Thursday, April 15, 2010

A gripe about UC Berkeley's Department of East Asian Languages and Culture

I guess it's hard for me to say anything bad about this school since considering that I screwed up so much in high school that I feel I won the lottery by being afforded another chance to come to a top notch research university (by the way, one of my pledge bro's graduated from Phillips Exeter Academy). I guess that puts things into perspective. Getting into UC Berkeley was like winning the lottery -- though I would tease him about how we're both at the same school everytime he'd start to bring out the well, over at Exeter or that one time he Google Earth'd (verb?) his school...

Anyways, during spring break, I realized the younger child of my next door neighbor is also a UC Berkeley transfer student. His mom dragged him out.
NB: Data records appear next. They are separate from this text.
theorem mainTheorem11:
  fixes V :: "nat \<Rightarrow> 'a set" and E :: "nat \<Rightarrow> 'a set set" and a :: 'a and k m :: nat
  assumes graphs: "\<And>i. i \<in> {1..k} \<Longrightarrow> simple_graph (V i) (E i)"
    and conn: "\<And>i. i \<in> {1..k} \<Longrightarrow> graph_connected (V i) (E i)"
    and a_in: "\<And>i. i \<in> {1..k} \<Longrightarrow> a \<in> V i"
    and disj: "\<And>i j. i \<in> {1..k} \<Longrightarrow> j \<in> {1..k} \<Longrightarrow> i \<noteq> j \<Longrightarrow> V i \<inter> V j = {a}"
    and not_outer: "\<And>i. i \<in> {1..k} \<Longrightarrow> \<not> outer_geometric_1planar a (V i) (E i)"
    and few_edges: "\<And>i. i \<in> {1..k} \<Longrightarrow> card (E i) \<le> m"
    and k_big: "k \<ge> m + 2"
  shows "\<not> geometric_1planar (\<Union>i\<in>{1..k}. V i) (\<Union>i\<in>{1..k}. E i)"
proof
  assume "geometric_1planar (\<Union>i\<in>{1..k}. V i) (\<Union>i\<in>{1..k}. E i)"
  then obtain p where p: "geom_1planar_embedding (\<Union>i\<in>{1..k}. V i) (\<Union>i\<in>{1..k}. E i) p"
    unfolding geometric_1planar_def by blast
  then have emb: "geom_embedding (\<Union>i\<in>{1..k}. V i) (\<Union>i\<in>{1..k}. E i) p"
    unfolding geom_1planar_embedding_def by blast
  have fin: "finite (\<Union>i\<in>{1..k}. E i)"
    using graphs finite_edges_simple_graph by blast
  have enclosed: "p a \<notin> closure (outer_region (E i) p)" if "i \<in> {1..k}" for i
    using not_outer[OF that] geom_1planar_embedding_subgraph[OF p _ _ fin, of "V i" "E i"] that
    unfolding outer_geometric_1planar_def by blast
  have "card {1..k} * (card {1..k} - 1) \<le> card (\<Union>i\<in>{1..k}. E i)"
  proof (rule card_offdiagonal_le_if_linked[where R = "crosses p"])
    show "disjoint_family_on E {1..k}"
      using graphs disj simple_graphs_disjoint_edges unfolding disjoint_family_on_def
      by (metis order_refl)
    show "card {f \<in> \<Union>i\<in>{1..k}. E i. crosses p e f} \<le> 1" if "e \<in> (\<Union>i\<in>{1..k}. E i)" for e
      using p that unfolding geom_1planar_embedding_def by blast
    show "\<exists>e\<in>E i. \<exists>f\<in>E j. crosses p e f" if "i \<in> {1..k}" "j \<in> {1..k}" "i \<noteq> j" for i j
      using that by (intro crossing_if_both_enclose_common_vertex[OF emb _ _ graphs conn graphs conn
          disj enclosed enclosed]) auto
  qed (use fin in auto)
  also have "\<dots> \<le> (\<Sum>i\<in>{1..k}. card (E i))"
    by (rule card_UN_le) simp
  also have "\<dots> \<le> k * m"
    using sum_bounded_above[of "{1..k}" "\<lambda>i. card (E i)" m] few_edges by simp
  finally show False
    using k_big by simp
qed

end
I was speaking to him in Korean as I'm guessing he immigrated to the U.S. during middle school or so -- these neighbors moved in when I was in Korea, so I never really met them.
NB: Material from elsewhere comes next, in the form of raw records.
lemma exists_bounded_with_sum:
  fixes S lo hi :: real
  assumes "real k * lo \<le> S" "S \<le> real k * hi"
  shows "\<exists>x :: nat \<Rightarrow> real. (\<forall>i<k. lo \<le> x i \<and> x i \<le> hi) \<and> (\<Sum>i<k. x i) = S"
proof (cases "k = 0")
  case True
  then show ?thesis using assms by auto
next
  case False
  then have "lo \<le> S / real k" "S / real k \<le> hi"
    using assms by (simp_all add: field_simps)
  then show ?thesis using False by (intro exI[of _ "\<lambda>_. S / real k"]) simp
qed

lemma mid_equation_solvable:
  assumes "-(1/2) < a" "2 \<le> A" "A \<le> m + 3" "B \<le> m + 1"
  shows "\<exists>x :: nat \<Rightarrow> real. (\<forall>i < 2*m+4 - A - B. - a \<le> x i \<and> x i \<le> 1 + a) \<and>
           (\<Sum>i<2*m+4 - A - B. x i) = mid_target m A B a"
proof (rule exists_bounded_with_sum)
  have k: "(2*m + 4 - A - B) + A + B = 2*m + 4" using assms by simp
  have "0 \<le> (real m + 1 - real B) * (1 + 2*a)" "0 \<le> (real m + 3 - real A) * (1 + 2*a)"
    using assms by (intro mult_nonneg_nonneg; simp)+
  then show "real (2*m+4 - A - B) * (- a) \<le> mid_target m A B a"
    and "mid_target m A B a \<le> real (2*m+4 - A - B) * (1 + a)"
    using mid_target_minus_lower[OF k, of a] upper_minus_mid_target[OF k, of a] by linarith+
qed

lemma sum_eq_card_mult_bound_imp_eq:
  fixes f :: "'a \<Rightarrow> real"
  assumes "finite S" "\<And>x. x \<in> S \<Longrightarrow> f x \<le> c" "sum f S = real (card S) * c"
  shows "\<forall>x\<in>S. f x = c"
proof -
  have "(\<Sum>x\<in>S. c - f x) = 0" using assms by (simp add: sum_subtractf)
  then show ?thesis using sum_nonneg_eq_0_iff[of S "\<lambda>x. c - f x"] assms by auto
qed

lemma mid_eq_upper_if_cntA_max:
  assumes adm: "admissible m \<alpha>" and "cond3 m \<alpha>" "cntA m \<alpha> = m + 3"
  shows "\<forall>r\<in>mid m \<alpha>. \<alpha> r = 1 + \<alpha> 0"
proof (rule sum_eq_card_mult_bound_imp_eq)
  show "(\<Sum>r\<in>mid m \<alpha>. \<alpha> r) = real (card (mid m \<alpha>)) * (1 + \<alpha> 0)"
    using upper_minus_mid_target[OF card_mid[OF adm], of "\<alpha> 0"] assms by (simp add: cond3_iff)
qed (auto simp: mid_def)

lemma mid_eq_lower_if_cntB_max:
  assumes adm: "admissible m \<alpha>" and "cond3 m \<alpha>" "cntB m \<alpha> = m + 1"
  shows "\<forall>r\<in>mid m \<alpha>. \<alpha> r = - \<alpha> 0"
proof -
  have "(\<Sum>r\<in>mid m \<alpha>. - \<alpha> r) = real (card (mid m \<alpha>)) * \<alpha> 0"
    using mid_target_minus_lower[OF card_mid[OF adm], of "\<alpha> 0"] assms
    by (simp add: cond3_iff sum_negf)
  then have "\<forall>r\<in>mid m \<alpha>. - \<alpha> r = \<alpha> 0"
    by (intro sum_eq_card_mult_bound_imp_eq) (auto simp: mid_def)
  then show ?thesis by auto
qed

theorem lemma3p4:
  fixes m :: nat
  shows
    "(\<forall>\<alpha>. admissible m \<alpha> \<longrightarrow>
        (E_val m \<alpha> = 0 \<longleftrightarrow> cond1 m \<alpha> \<or> cond2 m \<alpha> \<or> cond3 m \<alpha>))
   \<and> (\<forall>a0 A B. -(1/2) < a0 \<and> a0 < 0 \<and> 2 \<le> A \<and> A \<le> m + 3 \<and> B \<le> m + 1 \<longrightarrow>
        (\<exists>x :: nat \<Rightarrow> real.
           (\<forall>i < 2*m+4 - A - B. - a0 \<le> x i \<and> x i \<le> 1 + a0) \<and>
           (\<Sum>i<2*m+4 - A - B. x i) = (real m + 1 - real B) + (real A - 2 - real B) * a0))
   \<and> (\<forall>\<alpha>. admissible m \<alpha> \<and> cond3 m \<alpha> \<and> cntA m \<alpha> = m + 3 \<longrightarrow>
        (\<forall>r\<in>mid m \<alpha>. \<alpha> r = 1 + \<alpha> 0))
   \<and> (\<forall>\<alpha>. admissible m \<alpha> \<and> cond3 m \<alpha> \<and> cntB m \<alpha> = m + 1 \<longrightarrow>
        (\<forall>r\<in>mid m \<alpha>. \<alpha> r = - \<alpha> 0))"
  using E_val_eq_0_iff mid_equation_solvable[unfolded mid_target_def]
    mid_eq_upper_if_cntA_max mid_eq_lower_if_cntB_max
  by blast

end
And, we got to talking and he told me he's a Political Economy major, which I believe has a two year foreign language component. He told me he's taking Advanced Korean Literature or a course that I believe is past fourth year Korean. And, there was also a similar student, who I know speaks Korean fluently that is in that class as well. And, it reminded me. I have no gripes about Korean/Korean-American students taking advanced literature courses that they can't take since, well, they're not in Korea.

But, what does bother me is that considering how this department is so short on funding -- how little they do to get rid of students that take it simply to boost their GPA. Korean language courses are almost impossible to get into -- I took Intermediate Korean for a summer, but in my whole life I've taken just that and a quarter of Introductory Korean at Yonsei University and three days at Ewha University (to obtain a student visa -- which actually is what a fairly recent paper by professors at Yale argues: that international student flows are mainly vehicle of migration -- which I disagree with and, which my UG thesis will argue against). Anyways, there are a group of students -- those two excluded -- that take these courses to improve their grade point average. I was on the waiting list for 3rd year Korean -- before my schedule consisted of just math/stats/econ courses, but I couldn't get in as:

#1: The department is heavily underfunded, so there are just a few number of classes that are offered each semester.
#2: I would say, conservatively, at least a quarter to a fifth of the students were native Korean speakers. This is not a literature course, but a third year language course. I mean in class -- as it is 3rd year Korean -- no English is spoken, so if you're a native Korean speaker, then you look like a great student. But, apparently, there are these cards that I had to fill out (how relevant is this course to my major? -- none; I'm an econ/appl. math major) and while I was there I came to be in utter shock as I saw a group of students from the class talking in the Durant Building -- to get off the waitlist -- speaking in heavily accented English (and probably with a Republic of Korea citizenship), so they could be in the class with their friends.

Now, this is outrageous -- and not in the sense of let's say how it'd outrage Bill O'Reilly, Sean Hannity, or Lou Dobbs (by the way, what on earth happened to this guy?), but in the way it'd outrage a normal human being -- genuinely. I'd love to have graduated from UC Berkeley with native fluency in Korean and, more importantly, the ability to do research in the Korean language.

I understand there are many incentives at UC Berkeley to encourage this type of behavior -- for one, distinction/higher distinction/highest distinction (or cum laude/magna cum laude/summa cum laude) is capped at a certain proportion here unlike at some of the Ivies... [I heard] Yale gives some type of distinction to half their undergraduate students... Well, they got only 4,000 of them anyways, and by the way, I did take Latin for a semester at junior college, so summa cum laude means "with highest (or maximum) praise." But, this is too much.